Nearly 20 years after her murder, the death of 6-year-old JonBenét Ramsey remains a mystery. On the morning JonBenét was went missing, the girl's mother, Patsy Ramsey, found a note saying their daughter had been kidnapped from their Boulder, Colorado, home. JonBenét was found hours later in the home, beaten and strangled on Dec. 26, 1996, according to police reports. No DNA was found on the note, but the biggest clue may be the handwriting of the note itself. The Case of: JonBenét Ramsey, a six-part docu-series airing Sept. 18 on CBS, will look into the details of this unresolved murder, including an analysis of the note. What does a handwriting analysis of the JonBenét ransom note reveal?
In an interview with ABC that aired on Sept. 27, 1998, Donald Foster, a professor at Vassar College and textual analyst, was contacted by Boulder District Attorney's office to analyze the note's handwriting, as well as writing samples from the Ramsey family members. Although he had a confidentiality agreement with the Boulder Police Department, the police's summary of his findings indicate that Foster identified the writer of the note as Patsy Ramsey. The use of exclamation points in the note was compared to Patsy's use of several exclamation points in some of her other writing, including a Christmas card.
In 2008, new forensic techniques revealed that DNA traces from a man on JonBenét’s pajamas, which were also a match for a drop of blood found on her underwear, did not match any of the Ramsey family members, including Patsy Ramsey. Boulder County district attorney, Mary T. Lacy, wrote in a letter to the Ramseys in 2008 that the findings "vindicated" the Ramsey family, according to the Los Angeles Times. Patsy has never been convicted of any crime, and she has denied committing the murder in past interviews.
When Romper reached out to the family's representation, attorney L. Lin Wood had the following to say regarding the family's involvement in the crime:
In terms of the accusations against John and Patsy Ramsey, the Boulder DistrictAttorney, Mary Lacy, publicly exonerated them in 2008 based on irrefutable DNA evidence. She apologized to the family and assured them that in the future, they would be correctly treated as victims. The days of Ramsey accusations should have ended then and there.
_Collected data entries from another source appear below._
(* Let $p$ be a prime and $\mathcal H$ a finite relational structure. If $\mathcal H$ is congruence $p$-permutable, then $\mathcal H$ is strongly $p$-rectangular.
   Context: $\langle\mathcal H\rangle_p$ denotes the set of relations $p$-mpp-definable in $\mathcal H$, i.e. definable by formulas $\exists^{\equiv p}\mathbf y_1\cdots\exists^{\equiv p}\mathbf y_s\,\Phi$ with $\Phi$ a conjunction of atomic formulas over relations of $\mathcal H$ and equality, where $\exists^{\equiv p}\mathbf y\,\Psi(\mathbf x,\mathbf y)$ holds for $\mathbf a$ iff the number of $\mathbf b$ with $\Psi(\mathbf a,\mathbf b)$ is not divisible by $p$. For $\mathcal S\in\langle\mathcal H\rangle_p$ ($k$-ary), a $p$-congruence of $\mathcal S$ is a $2k$-ary relation in $\langle\mathcal H\rangle_p$ that is an equivalence relation on $\mathcal S$. For binary relations $\alpha,\beta$, $(\mathbf a,\mathbf b)\in\alpha\circ_p\beta$ iff the number of $\mathbf c$ with $(\mathbf a,\mathbf c)\in\alpha$ and $(\mathbf c,\mathbf b)\in\beta$ is not divisible by $p$. $\mathcal H$ is congruence $p$-permutable if $\alpha\circ_p\beta=\beta\circ_p\alpha$ for all $p$-congruences $\alpha,\beta$ of every $\mathcal S\in\langle\mathcal H\rangle_p$. A relation $\mathcal R$ of arity $n\ge2$ is rectangular if for every nonempty $I\subsetneq[n]$, whenever $(\mathbf a,\mathbf c),(\mathbf a,\mathbf d),(\mathbf b,\mathbf c)\in\mathcal R$ (with $\mathbf a,\mathbf b$ on coordinates $I$, $\mathbf c,\mathbf d$ on $[n]\setminus I$) also $(\mathbf b,\mathbf d)\in\mathcal R$. $\mathcal H$ is strongly $p$-rectangular if every relation of arity at least 2 in $\langle\mathcal H\rangle_p$ is rectangular. *)

theory Defs
  imports Main "HOL-Computational_Algebra.Primes"
begin

text \<open>A finite relational structure on the finite type 'a is a finite set H of
  pairs (n, R) where R is an n-ary relation, represented as a set of lists of length n.\<close>

datatype 'a atom = RelA nat "'a list set" "nat list" | EqA nat nat

fun atom_vars :: "'a atom \<Rightarrow> nat list" where
  "atom_vars (RelA n R vs) = vs"
| "atom_vars (EqA u v) = [u, v]"

fun wf_atom :: "(nat \<times> 'a list set) set \<Rightarrow> 'a atom \<Rightarrow> bool" where
  "wf_atom H (RelA n R vs) = ((n, R) \<in> H \<and> length vs = n)"
| "wf_atom H (EqA u v) = True"

fun holds :: "(nat \<Rightarrow> 'a) \<Rightarrow> 'a atom \<Rightarrow> bool" where
  "holds \<sigma> (RelA n R vs) = (map \<sigma> vs \<in> R)"
| "holds \<sigma> (EqA u v) = (\<sigma> u = \<sigma> v)"

definition upd :: "(nat \<Rightarrow> 'a) \<Rightarrow> nat list \<Rightarrow> 'a list \<Rightarrow> nat \<Rightarrow> 'a" where
  "upd \<sigma> vs bs = fold (\<lambda>(v, b) f. f(v := b)) (zip vs bs) \<sigma>"

text \<open>Semantics of  exists^{=p} ys_1 ... exists^{=p} ys_s. (conjunction of atoms Phi).\<close>
fun sat :: "nat \<Rightarrow> 'a atom list \<Rightarrow> nat list list \<Rightarrow> (nat \<Rightarrow> 'a) \<Rightarrow> bool" where
  "sat p \<Phi> [] \<sigma> = (\<forall>at\<in>set \<Phi>. holds \<sigma> at)"
| "sat p \<Phi> (ys # Ys) \<sigma> =
     (\<not> p dvd card {b :: 'a list. length b = length ys \<and> sat p \<Phi> Ys (upd \<sigma> ys b)})"

definition mpp_def :: "nat \<Rightarrow> (nat \<times> 'a list set) set \<Rightarrow> nat \<Rightarrow> 'a list set \<Rightarrow> bool" where
  "mpp_def p H k R \<longleftrightarrow>
     (\<exists>xs Ys \<Phi>. length xs = k \<and> distinct (xs @ concat Ys) \<and>
        (\<forall>at\<in>set \<Phi>. wf_atom H at \<and> set (atom_vars at) \<subseteq> set (xs @ concat Ys)) \<and>
        R = {a. length a = k \<and> sat p \<Phi> Ys (upd (\<lambda>_. undefined) xs a)})"

definition pairs :: "nat \<Rightarrow> 'a list set \<Rightarrow> ('a list \<times> 'a list) set" where
  "pairs k \<alpha> = {(a, b). length a = k \<and> length b = k \<and> a @ b \<in> \<alpha>}"

definition p_congruence ::
  "nat \<Rightarrow> (nat \<times> 'a list set) set \<Rightarrow> nat \<Rightarrow> 'a list set \<Rightarrow> 'a list set \<Rightarrow> bool" where
  "p_congruence p H k S \<alpha> \<longleftrightarrow> mpp_def p H (2 * k) \<alpha> \<and> equiv S (pairs k \<alpha>)"

definition pcomp :: "nat \<Rightarrow> nat \<Rightarrow> ('a list \<times> 'a list) set \<Rightarrow> ('a list \<times> 'a list) set
    \<Rightarrow> ('a list \<times> 'a list) set" where
  "pcomp p k \<alpha> \<beta> = {(a, b). length a = k \<and> length b = k \<and>
      \<not> p dvd card {c :: 'a list. length c = k \<and> (a, c) \<in> \<alpha> \<and> (c, b) \<in> \<beta>}}"

definition cong_p_permutable :: "nat \<Rightarrow> (nat \<times> 'a list set) set \<Rightarrow> bool" where
  "cong_p_permutable p H \<longleftrightarrow>
     (\<forall>k S \<alpha> \<beta>. mpp_def p H k S \<longrightarrow> p_congruence p H k S \<alpha> \<longrightarrow> p_congruence p H k S \<beta> \<longrightarrow>
        pcomp p k (pairs k \<alpha>) (pairs k \<beta>) = pcomp p k (pairs k \<beta>) (pairs k \<alpha>))"

definition rectangular :: "nat \<Rightarrow> 'a list set \<Rightarrow> bool" where
  "rectangular n R \<longleftrightarrow>
     (\<forall>I. I \<noteq> {} \<and> I \<subset> {0..<n} \<longrightarrow>
        (\<forall>t1\<in>R. \<forall>t2\<in>R. \<forall>t3\<in>R.
           length t1 = n \<and> length t2 = n \<and> length t3 = n \<and>
           (\<forall>i\<in>I. t1 ! i = t2 ! i) \<and> (\<forall>i\<in>{0..<n} - I. t1 ! i = t3 ! i) \<longrightarrow>
           map (\<lambda>i. if i \<in> I then t3 ! i else t2 ! i) [0..<n] \<in> R))"

definition strongly_p_rectangular :: "nat \<Rightarrow> (nat \<times> 'a list set) set \<Rightarrow> bool" where
  "strongly_p_rectangular p H \<longleftrightarrow>
     (\<forall>n R. 2 \<le> n \<longrightarrow> mpp_def p H n R \<longrightarrow> rectangular n R)"

end

theory Submission
  imports Defs
begin

text \<open>For a nonempty proper set I of coordinates of a p-mpp-definable relation R, the kernels
  of the projections of R onto I and onto its complement are p-congruences of R: they are
  defined by two variable-disjoint copies of a defining formula of R joined by equalities.
  Given (a,c), (a,d), (b,c) in R, exactly one tuple, namely (a,c), links (b,c) to (a,d)
  through the kernel of the complement followed by the kernel of I, and p does not divide 1.
  By p-permutability the number of tuples linking them the other way round is not divisible
  by p, hence nonzero, and the only candidate for such a tuple is (b,d).\<close>

lemma upd_Cons: "upd \<sigma> (v # vs) (b # bs) = upd (\<sigma>(v := b)) vs bs"
  by (simp add: upd_def)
There are many interesting details about the ransom note. It was written on a piece of paper from the Ramsey's home. Many theories have also emerged from the fact that the ransom note asks for $118,000 — an oddly specific amount, and one that also matches John Ramsey's bonus. John was also removed from the suspect list with DNA evidence, and was never arrested or convicted of any crime. John's legal representation did not immediately respond to Romper's request for comment.
Investigators have often pointed out that the ransom note is long. In a 2006 interview with The Washington Post, Mark McClish, a former federal marshal and author of I Know You Are Lying: Detecting Deception Through Statement Analysis, said that he believes the note is "too wordy" to be a real ransom note.
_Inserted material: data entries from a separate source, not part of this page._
lemma gmonom_insert:
  assumes "finite S" "i \<notin> S"
  shows "gmonom (insert i S) = gmult (gscale (gsign {i} S) (gen i)) (gmonom S :: nat set \<Rightarrow> 'a::field)"
proof
  fix T
  show "gmonom (insert i S) T = gmult (gscale (gsign {i} S) (gen i)) (gmonom S :: nat set \<Rightarrow> 'a) T"
  proof (cases "finite T")
    case T: True
    show ?thesis
    proof (cases "T = insert i S")
      case True
      then have "i \<in> T" "T - {i} = S" using assms by auto
      then show ?thesis
        using T True gsign_square[of "{i}" S, where 'a='a]
        by (simp only: gmult_gscale_left) (simp add: gmult_gen_left gscale_def gmonom_def)
    next
      case False
      then have "\<not> (i \<in> T \<and> T - {i} = S)" by auto
      then show ?thesis
        using T False by (simp only: gmult_gscale_left) (auto simp: gmult_gen_left gscale_def gmonom_def)
    qed
  next
    case False
    then show ?thesis using assms by (auto simp: gmult_def gmonom_def)
  qed
qed

text \<open>Test the anticommutation on the coefficient of \<open>S \<union> {j}\<close>: each side contributes a single
  term, and for even \<open>card S\<close> the two signs agree instead of cancelling.\<close>

lemma anticommute_gL_imp_odd:
  fixes y l :: "nat set \<Rightarrow> 'a::field_char_0"
  assumes y: "y \<in> grass" and l: "l \<in> gL"
    and anti: "gmult y l = gscale (-1) (gmult l y)"
    and j: "\<And>A. y A \<noteq> 0 \<Longrightarrow> j \<notin> A" and lj: "l {j} \<noteq> 0" and yS: "y S \<noteq> 0"
  shows "odd (card S)"
proof (rule ccontr)
  assume even: "\<not> odd (card S)"
  have S: "finite S" "j \<notin> S" using y yS j by (auto simp: grass_def)
  let ?T = "insert j S"
  have l_singleton: "l B \<noteq> 0 \<Longrightarrow> \<exists>k. B = {k}" for B
    using l by (auto simp: gL_def card_1_singleton_iff)
  have "A = S" if A: "A \<subseteq> ?T" and yA: "y A \<noteq> 0" and lA: "l (?T - A) \<noteq> 0" for A
  proof -
    obtain k where "?T - A = {k}" using l_singleton lA by blast
    then show "A = S" using j[OF yA] A S by (auto simp: set_eq_iff) metis
  qed
  then have "gmult y l ?T = gsign S (?T - S) * y S * l (?T - S)"
    using S by (intro gmult_single_term) auto
  moreover have "A = {j}" if "A \<subseteq> ?T" and lA: "l A \<noteq> 0" and yA: "y (?T - A) \<noteq> 0" for A
  proof -
    obtain k where "A = {k}" using l_singleton lA by blast
    then show "A = {j}" using j[OF yA] by blast
  qed
  then have "gmult l y ?T = gsign {j} (?T - {j}) * l {j} * y (?T - {j})"
    using S by (intro gmult_single_term) auto
  moreover have "?T - S = {j}" "?T - {j} = S" using S by auto
  ultimately have "gsign S {j} * y S * l {j} = - (gsign {j} S * l {j} * y S)"
    using anti by (simp add: gscale_def fun_eq_iff)
  then have "(gsign S {j} + gsign {j} S) * (y S * l {j}) = (0::'a)"
    by (simp add: algebra_simps)
  then have "gsign S {j} + gsign {j} S = (0::'a)" using yS lj by simp
  moreover have "gsign S {j} = (gsign {j} S :: 'a)"
    using gsign_singleton_commute[OF S] even by simp
  ultimately show False using gsign_nonzero[of "{j}" S, where 'a='a] by simp
qed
Steve Thomas, a former Boulder Police Detective who wrote the book JonBenet: Inside the Ramsey Murder Investigation, alleged that Patsy wrote the ransom note in a May 2000 interview with John, Patsy, and Thomas on Larry King Live. Thomas stated he believed whoever wrote the ransom note was the killer. He also accused Patsy of changing her handwriting after the murder.
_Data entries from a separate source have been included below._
lemma cscalar_prod_smult_right:
  "u \<in> carrier_vec n \<Longrightarrow> v \<in> carrier_vec n \<Longrightarrow> u \<bullet>c (a \<cdot>\<^sub>v v) = cnj a * (u \<bullet>c (v :: complex vec))"
  by (simp add: conjugate_smult_vec)

lemma cnj_cscalar_prod:
  "u \<in> carrier_vec n \<Longrightarrow> v \<in> carrier_vec n \<Longrightarrow> cnj (u \<bullet>c v) = v \<bullet>c (u :: complex vec)"
  using conjugate_sprod_vec[of u n "conjugate v"] comm_scalar_prod[of "conjugate u" n v] by simp

lemma cscalar_prod_unit_vec_left:
  "i < n \<Longrightarrow> v \<in> carrier_vec n \<Longrightarrow> unit_vec n i \<bullet>c v = cnj ((v :: complex vec) $ i)"
  by (simp add: conjugate_vec_def)

lemma cscalar_prod_mult_mat_vec_adjoint:
  fixes A :: "complex mat"
  assumes A: "A \<in> carrier_mat n m" and u: "u \<in> carrier_vec m" and v: "v \<in> carrier_vec n"
  shows "(A *\<^sub>v u) \<bullet>c v = u \<bullet>c (mat_adjoint A *\<^sub>v v)"
proof -
  have "(A *\<^sub>v u) \<bullet>c v = (\<Sum>i<n. \<Sum>j<m. A $$ (i, j) * u $ j * cnj (v $ i))"
    using A u v by (simp add: scalar_prod_def atLeast0LessThan sum_distrib_right)
  also have "\<dots> = (\<Sum>j<m. \<Sum>i<n. A $$ (i, j) * u $ j * cnj (v $ i))"
    by (rule sum.swap)
  also have "\<dots> = u \<bullet>c (mat_adjoint A *\<^sub>v v)"
    using A u v by (simp add: scalar_prod_def atLeast0LessThan sum_distrib_left ac_simps)
  finally show ?thesis .
qed

lemma mat_adjoint_eqI:
  fixes A :: "complex mat"
  assumes A: "A \<in> carrier_mat n n"
    and self_adjoint: "\<And>u v. u \<in> carrier_vec n \<Longrightarrow> v \<in> carrier_vec n \<Longrightarrow> (A *\<^sub>v u) \<bullet>c v = u \<bullet>c (A *\<^sub>v v)"
  shows "mat_adjoint A = A"
proof (rule eq_matI)
  fix i j assume "i < dim_row A" "j < dim_col A"
  with A have i: "i < n" and j: "j < n" by auto
  have "A $$ (i, j) = (A *\<^sub>v unit_vec n j) \<bullet>c unit_vec n i"
    using A i j by simp
  also have "\<dots> = unit_vec n j \<bullet>c (A *\<^sub>v unit_vec n i)"
    by (rule self_adjoint) auto
  also have "\<dots> = mat_adjoint A $$ (i, j)"
    using A i j by (simp add: cscalar_prod_unit_vec_left)
  finally show "mat_adjoint A $$ (i, j) = A $$ (i, j)" by simp
qed (use A in auto)

section \<open>Contractions and idempotents\<close>

text \<open>Inner products are compared in the order of \<^theory>\<open>HOL-Library.Complex_Order\<close>,
  under which a nonnegative complex number is a nonnegative real.\<close>

definition contraction :: "nat \<Rightarrow> complex mat \<Rightarrow> bool" where
  "contraction d A \<longleftrightarrow> A \<in> carrier_mat d d \<and> (\<forall>v \<in> carrier_vec d. (A *\<^sub>v v) \<bullet>c (A *\<^sub>v v) \<le> v \<bullet>c v)"

lemma contraction_mult:
  assumes A: "contraction d A" and B: "contraction d B"
  shows "contraction d (A * B)"
  unfolding contraction_def
proof (intro conjI ballI)
  have Ac: "A \<in> carrier_mat d d" and Bc: "B \<in> carrier_mat d d"
    using A B by (auto simp: contraction_def)
  then show "A * B \<in> carrier_mat d d" by simp
  fix v :: "complex vec" assume v: "v \<in> carrier_vec d"
  have "((A * B) *\<^sub>v v) \<bullet>c ((A * B) *\<^sub>v v) = (A *\<^sub>v (B *\<^sub>v v)) \<bullet>c (A *\<^sub>v (B *\<^sub>v v))"
    using Ac Bc v by simp
  also have "\<dots> \<le> (B *\<^sub>v v) \<bullet>c (B *\<^sub>v v)"
    using A Bc v by (simp add: contraction_def)
  also have "\<dots> \<le> v \<bullet>c v"
    using B v by (simp add: contraction_def)
  finally show "((A * B) *\<^sub>v v) \<bullet>c ((A * B) *\<^sub>v v) \<le> v \<bullet>c v" .
qed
"I have a faith that comes from only one source," Patsy said on Larry King Live. "God knows who killed JonBenét Ramsey. Steve Thomas does not know, Patsy Ramsey does not know, and John Ramsey does not know. God knows, and the truth is going to prevail." Patsy died in 2006 from ovarian cancer.
In 1999, investigators chose not to issue indictments for the Ramseys because (outside of the handwriting theories) there was no evidence that they committed any crime.